It is also witty in its wealth of allegiances forged unexpectedly, comically, from the most unpropitious circumstances (seagulls, sea pirates, cruise-liner cooks and the Cuban high military command).
But more than anything else, it’s one of the most romantic books I have ever read, moving in its marital devotion, steadfast loyalty and the determination to succeed in being reunited against all oceanic odds imaginable.
It’s not a new formula in any medium or genre: swiftly establish unbreakable bonds between two loving souls (thereby investing your readers emotionally in the prosperity of their relationship) then almost immediately tear that couple apart – please see HABIBI, for a start. It’s cruel, but from that point on, we are hooked, desperate for the lost lovers to rediscover each other.
But that bait is far more difficult to judge then securely tether for the long haul than it looks, and this is a very long haul indeed, most of it spent by both all at sea, sometimes heading in different directions.
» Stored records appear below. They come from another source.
lemma certificate_tight:
  assumes "balanced al c" "feasible k B al" "feasible k B be" "c \<le> worst_rate be"
  shows "\<And>b i. b < B \<Longrightarrow> i \<in> competitors b \<Longrightarrow>
      rate be i b = c \<and> rate be i b * shared_mass al al i b = c * shared_mass al be i b"
    and "\<And>b. b < B \<Longrightarrow> slack be b = 0"
proof -
  let ?T = "\<lambda>i b. c * shared_mass al be i b - c * shared_mass al al i b"
  have "worst_rate be = c" using worst_rate_le_balanced[OF assms(1-3)] assms(4) by simp
  note le = certificate_terms_le[OF assms(1,3), unfolded this]
  have T: "0 \<le> ?T i b" if "b < B" "i \<in> competitors b" for b i using le[OF that] by linarith
  have S: "0 \<le> c * slack be b" if "b < B" for b
    using slack_nonneg[OF assms(3) that] balancedD(1)[OF assms(1)] by simp
  have "0 \<le> (\<Sum>i\<in>competitors b. ?T i b) + c * slack be b" if "b < B" for b
    using T S that by (intro add_nonneg_nonneg sum_nonneg) auto
  moreover have "(\<Sum>b<B. (\<Sum>i\<in>competitors b. ?T i b) + c * slack be b) = 0"
    using certificate_identity[OF assms(1-3)] \<open>worst_rate be = c\<close> by simp
  ultimately have total: "(\<Sum>i\<in>competitors b. ?T i b) + c * slack be b = 0" if "b < B" for b
    using that sum_nonneg_eq_0_iff[of "{..<B}" "\<lambda>b. (\<Sum>i\<in>competitors b. ?T i b) + c * slack be b"]
    by simp
  have column: "(\<Sum>i\<in>competitors b. ?T i b) = 0 \<and> c * slack be b = 0" if "b < B" for b
  proof -
    have "0 \<le> (\<Sum>i\<in>competitors b. ?T i b)" by (rule sum_nonneg) (rule T[OF that])
    then show ?thesis using total[OF that] S[OF that] by (intro conjI) linarith+
  qed
  show "slack be b = 0" if "b < B" for b
    using column[OF that] balancedD(1)[OF assms(1)] by simp
  show "rate be i b = c \<and> rate be i b * shared_mass al al i b = c * shared_mass al be i b"
    if "b < B" "i \<in> competitors b" for b i
  proof -
    have "(\<Sum>j\<in>competitors b. ?T j b) = 0 \<longleftrightarrow> (\<forall>j\<in>competitors b. ?T j b = 0)"
      by (rule sum_nonneg_eq_0_iff[OF finite_competitors]) (rule T[OF that(1)])
    then have "?T i b = 0" using column[OF that(1)] that(2) by blast
    then have worst_eq: "rate be i b * shared_mass al al i b = c * shared_mass al al i b"
      and tangent_eq: "rate be i b * shared_mass al al i b = c * shared_mass al be i b"
      using le[OF that] by linarith+
    have "rate be i b = c" using worst_eq shared_mass_pos[OF assms(1) that] by simp
    with tangent_eq show ?thesis by blast
  qed
qed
Are you ready, my lovers? Then we shall begin.
Early one morning while it is still dark, an old fisherman switches on the bedside table lamp and pops on his glasses. So thick are their lenses that they magnify his bulging myopic eyes, and he looks like Mr Magoo. This is a cue in itself: things, they are gonna go wrong!
Stretching and yawning, he is greeted downstairs by a nutritious and filling, steaming, savoury French pancake stuffed with ham, cheese and a fresh, broken egg prepared by his doting wife, up even earlier, who is decked out in a pristine black dress and laced white apron, tied at the back with a great big bow, a tiny chef’s hat balanced on her barnet.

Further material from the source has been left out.